Racontant l'histoire d'Al-Aleku, son proche basé au Kurdistan irakien Farhad Osso, un militant des droits de l'homme, a déclaré à Arab News que la lycéenne avait effectivement été kidnappée après que la mère de son amie l'avait emmenée au bureau de sécurité kurde local.
Al-Aleku s'est retrouvée dans un camp d'entraînement pour jeunes appelés, où elle a subi des mois d'exercices militaires exténuants et d'endoctrinement politique. Pendant tout ce temps, elle n'a eu aucun contact avec sa famille, selon Osso.

Rawan Al-Aleku, a été rendue à sa famille un an après son recrutement à l'âge de 16 ans. (Photo fournie)

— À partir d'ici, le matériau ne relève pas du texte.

lemma DRG_loop_imp_period_dvd:
  assumes "(x, k, x) \<in> DRG D \<sigma>" "k \<noteq> 0"
  shows "periodic_pt D \<sigma> x" "int (period x) dvd k"
proof -
  have gen: "periodic_pt D \<sigma> x \<and> int (period x) dvd int a - int b"
    if "b < a" "x \<in> Dom a" "iter a x = iter b x" for a b
  proof -
    have ret: "x \<in> Dom (b + (a - b))" "iter (b + (a - b)) x = iter b x" "a - b > 0"
      using that by auto
    note c = cyclic_iter_if_return[OF ret]
    have "iter (a - b) (iter b x) = iter b x" using ret(2) by (simp add: iter_add add.commute)
    then have "period x dvd a - b" using period_dvd[OF c(3,1,2)] by blast
    then show ?thesis using c(3) that(1) by (simp add: of_nat_diff flip: int_dvd_int_iff)
  qed
  obtain m n where mn: "k = int m - int n" "x \<in> Dom m" "x \<in> Dom n" "iter m x = iter n x"
    using assms(1) DRG_mem by blast
  consider "n < m" | "m < n" using mn(1) assms(2) by linarith
  then have "periodic_pt D \<sigma> x \<and> int (period x) dvd k"
  proof cases
    case 1 then show ?thesis using gen[of n m] mn by blast
  next
    case 2 then show ?thesis using gen[of m n] mn by (metis dvd_minus_iff minus_diff_eq)
  qed
  then show "periodic_pt D \<sigma> x" "int (period x) dvd k" by auto
qed

lemma period_dvd_imp_DRG_loop:
  assumes per: "periodic_pt D \<sigma> x" and "int (period x) dvd k"
  shows "(x, k, x) \<in> DRG D \<sigma>"
proof -
  obtain n0 where n0: "x \<in> Dom n0" "cyclic (iter n0 x)" "iter (period x) (iter n0 x) = iter n0 x"
    using period_cycle[OF per] .
  obtain j where j: "k = int (period x) * j" using assms(2) by (auto simp: dvd_def)
  define t where "t = period x * nat \<bar>j\<bar>"
  have xt: "x \<in> Dom (n0 + t)" using n0 cyclic_Dom Dom_add by blast
  have "iter t (iter n0 x) = iter n0 x"
    using iter_mod_cycle[OF n0(3) period_pos[OF per], of t] unfolding t_def by simp
  then have st: "iter (n0 + t) x = iter n0 x" by (simp add: iter_add add.commute)
  have "k = int (n0 + t) - int n0 \<or> k = int n0 - int (n0 + t)"
    unfolding t_def j by (cases "j \<ge> 0") auto
  then show ?thesis unfolding DRG_mem using xt st n0(1) by metis
qed

lemma DRG_loop_iff:
  "(x, k, x) \<in> DRG D \<sigma> \<longleftrightarrow> k = 0 \<or> (periodic_pt D \<sigma> x \<and> int (period x) dvd k)"
proof -
  have "(x, 0, x) \<in> DRG D \<sigma>" unfolding DRG_mem by (intro exI[of _ 0]) simp
  then show ?thesis using DRG_loop_imp_period_dvd period_dvd_imp_DRG_loop by blast
qed

lemma iso_at_mem: "h \<in> iso_at D \<sigma> x \<longleftrightarrow> (\<exists>k. h = (x, k, x) \<and> (x, k, x) \<in> DRG D \<sigma>)"
  by (cases h) (auto simp: iso_at_def gr_def gs_def)

lemma iso_at_iff:
  "h \<in> iso_at D \<sigma> x \<longleftrightarrow>
     (\<exists>k. h = (x, k, x) \<and> (k = 0 \<or> (periodic_pt D \<sigma> x \<and> int (period x) dvd k)))"
  using iso_at_mem DRG_loop_iff by blast

lemma unit_in_iso_at: "(x, 0, x) \<in> iso_at D \<sigma> x"
  using iso_at_iff by blast

lemma iso_bundle_mem: "h \<in> iso_bundle D \<sigma> \<longleftrightarrow> (\<exists>x k. h = (x, k, x) \<and> (x, k, x) \<in> DRG D \<sigma>)"
  by (cases h) (auto simp: iso_bundle_def gr_def gs_def)


abbreviation iso_top :: "'a gel topology" where
  "iso_top \<equiv> subtopology (DRG_top D \<sigma>) (iso_bundle D \<sigma>)"

abbreviation deg :: "'a gel \<Rightarrow> int" where
  "deg h \<equiv> fst (snd h)"

lemma Zset_mem:
  "(x, k, y) \<in> Zset D \<sigma> U m n V \<longleftrightarrow>
     k = int m - int n \<and> x \<in> U \<and> x \<in> Dom m \<and> y \<in> V \<and> y \<in> Dom n \<and> iter m x = iter n y"
  by (auto simp: Zset_def)

lemma topspace_DRG_top: "topspace (DRG_top D \<sigma>) = DRG D \<sigma>"
proof -
  have "\<Union>{Zset D \<sigma> U m n V | U m n V. open U \<and> open V} = DRG D \<sigma>"
  proof
    show "\<Union>{Zset D \<sigma> U m n V | U m n V. open U \<and> open V} \<subseteq> DRG D \<sigma>"
      by (auto simp: Zset_def DRG_def)
    show "DRG D \<sigma> \<subseteq> \<Union>{Zset D \<sigma> U m n V | U m n V. open U \<and> open V}"
    proof
      fix h assume "h \<in> DRG D \<sigma>"
      then obtain x m n y where "h = (x, int m - int n, y)" "x \<in> Dom m" "y \<in> Dom n"
          "iter m x = iter n y"
        unfolding DRG_def by blast
      then have "h \<in> Zset D \<sigma> UNIV m n UNIV" using Zset_mem by simp
      then show "h \<in> \<Union>{Zset D \<sigma> U m n V | U m n V. open U \<and> open V}" by blast
    qed
  qed
  then show ?thesis unfolding DRG_top_def by simp
qed

lemma openin_Zset: "open U \<Longrightarrow> open V \<Longrightarrow> openin (DRG_top D \<sigma>) (Zset D \<sigma> U m n V)"
  unfolding DRG_top_def by (rule topology_generated_by_Basis) blast

lemma openin_DRG_gr_deg:
  assumes "open U"
  shows "openin (DRG_top D \<sigma>) {h \<in> DRG D \<sigma>. gr h \<in> U \<and> deg h \<in> A}"
proof -
  have "{h \<in> DRG D \<sigma>. gr h \<in> U \<and> deg h \<in> A} =
        (\<Union>(m, n)\<in>{(m, n). int m - int n \<in> A}. Zset D \<sigma> U m n UNIV)"
    by (auto simp: Zset_mem DRG_mem gr_def) blast+
  moreover have "openin (DRG_top D \<sigma>) (\<Union>(m, n)\<in>{(m, n). int m - int n \<in> A}. Zset D \<sigma> U m n UNIV)"
    using openin_Zset assms by (intro openin_Union) auto
  ultimately show ?thesis by simp
qed

lemma topspace_iso_top: "topspace iso_top = iso_bundle D \<sigma>"
  using topspace_DRG_top by (auto simp: iso_bundle_def)

lemma continuous_map_gr: "continuous_map iso_top euclidean gr"
proof -
  have "continuous_map (DRG_top D \<sigma>) euclidean gr"
    unfolding continuous_map using openin_DRG_gr_deg[of _ UNIV] topspace_DRG_top by auto
  then show ?thesis by (rule continuous_map_from_subtopology)
qed

lemma openin_iso_deg: "openin iso_top {h \<in> iso_bundle D \<sigma>. deg h \<in> A}"
proof -
  have "{h \<in> iso_bundle D \<sigma>. deg h \<in> A} = {h \<in> DRG D \<sigma>. gr h \<in> UNIV \<and> deg h \<in> A} \<inter> iso_bundle D \<sigma>"
    by (auto simp: iso_bundle_def)
  then show ?thesis unfolding openin_subtopology using openin_DRG_gr_deg[of UNIV A] by blast
qed

lemma compactin_deg_slice:
  assumes "compactin iso_top K"
  shows "compactin iso_top {h \<in> K. deg h = k}"
proof -
  have "closedin iso_top {h \<in> iso_bundle D \<sigma>. deg h = k}"
    unfolding closedin_def topspace_iso_top
  proof -
    have "iso_bundle D \<sigma> - {h \<in> iso_bundle D \<sigma>. deg h = k} = {h \<in> iso_bundle D \<sigma>. deg h \<in> - {k}}"
      by auto
    then show "{h \<in> iso_bundle D \<sigma>. deg h = k} \<subseteq> iso_bundle D \<sigma> \<and>
        openin iso_top (iso_bundle D \<sigma> - {h \<in> iso_bundle D \<sigma>. deg h = k})"
      using openin_iso_deg[of "- {k}"] by auto
  qed
  moreover have "{h \<in> K. deg h = k} = {h \<in> iso_bundle D \<sigma>. deg h = k} \<inter> K"
    using compactin_subset_topspace[OF assms] topspace_iso_top by auto
  ultimately show ?thesis using closed_Int_compactin[OF _ assms] by simp
qed

lemma finite_deg_image:
  assumes "compactin iso_top K"
  shows "finite (deg ` K)"
proof -
  let ?U = "(\<lambda>k. {h \<in> iso_bundle D \<sigma>. deg h \<in> {k}}) ` UNIV"
  have "K \<subseteq> \<Union>?U" using compactin_subset_topspace[OF assms] topspace_iso_top by auto
  moreover have "\<forall>U\<in>?U. openin iso_top U" using openin_iso_deg by blast
  ultimately obtain F where F: "finite F" "F \<subseteq> ?U" "K \<subseteq> \<Union>F"
    using assms unfolding compactin_def by meson
  then obtain K' where K': "finite K'" "F = (\<lambda>k. {h \<in> iso_bundle D \<sigma>. deg h \<in> {k}}) ` K'"
    by (meson finite_subset_image subset_UNIV)
  have "deg ` K \<subseteq> K'" using F(3) K'(2) by auto
  then show ?thesis using K'(1) finite_subset by blast
qed

lemma compact_gr_deg_slice:
  assumes "compactin iso_top K"
  shows "compact (gr ` {h \<in> K. deg h = k})"
  using image_compactin[OF compactin_deg_slice[OF assms] continuous_map_gr] by simp

lemma compactin_iso_top_gr:
  assumes "compactin iso_top K" "h \<in> K"
  shows "h \<in> iso_at D \<sigma> x \<longleftrightarrow> gr h = x"
proof -
  have "h \<in> iso_bundle D \<sigma>"
    using compactin_subset_topspace[OF assms(1)] topspace_iso_top assms(2) by auto
  then show ?thesis using iso_bundle_mem iso_at_mem by (auto simp: gr_def)
qed


section \<open>The map \<open>q\<close> and the topology of \<open>Stab(G)^\<close>\<close>

lemma snd_qmap: "snd (qmap D \<sigma> x z) = (\<lambda>h. if h \<in> iso_at D \<sigma> x then z powi deg h else 0)"
  by (simp add: qmap_def)

lemma fst_qmap: "fst (qmap D \<sigma> x z) = x"
  by (simp add: qmap_def)

lemma qmap_eqI:
  assumes "\<And>k. (x, k, x) \<in> iso_at D \<sigma> x \<Longrightarrow> z powi k = w powi k"
  shows "qmap D \<sigma> x z = qmap D \<sigma> x w"
proof -
  have "snd (qmap D \<sigma> x z) = snd (qmap D \<sigma> x w)"
    using assms iso_at_iff by (auto simp: snd_qmap fun_eq_iff)
  then show ?thesis by (simp add: qmap_def)
qed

Alors que les semaines se transformaient en mois, le père d'Al-Aleku, Omran, a demandé sa libération de plus en plus en colère, ce qui a finalement abouti à son arrestation.
Une fois libéré, il a publié une lettre ouverte sur Facebook réclamant la liberté de sa fille.
«Mon cas est celui d'un enlèvement, l'enlèvement d'un enfant de son domicile, de son école et de ses amis et de son enfance», a écrit Omran, s'adressant directement au commandant en chef des FDS, Mazloum Abdi, qui s'était engagé un an plus tôt à mettre fin à la pratique du recrutement d'enfants.
«Ces traîtres ont kidnappé ma fille. On m'a dit que vous respectiez votre engagement, alors pourquoi appliquez-vous les règles uniquement là où vous le jugez bon ? Vous avez volé mon passé, mon présent et mon futur».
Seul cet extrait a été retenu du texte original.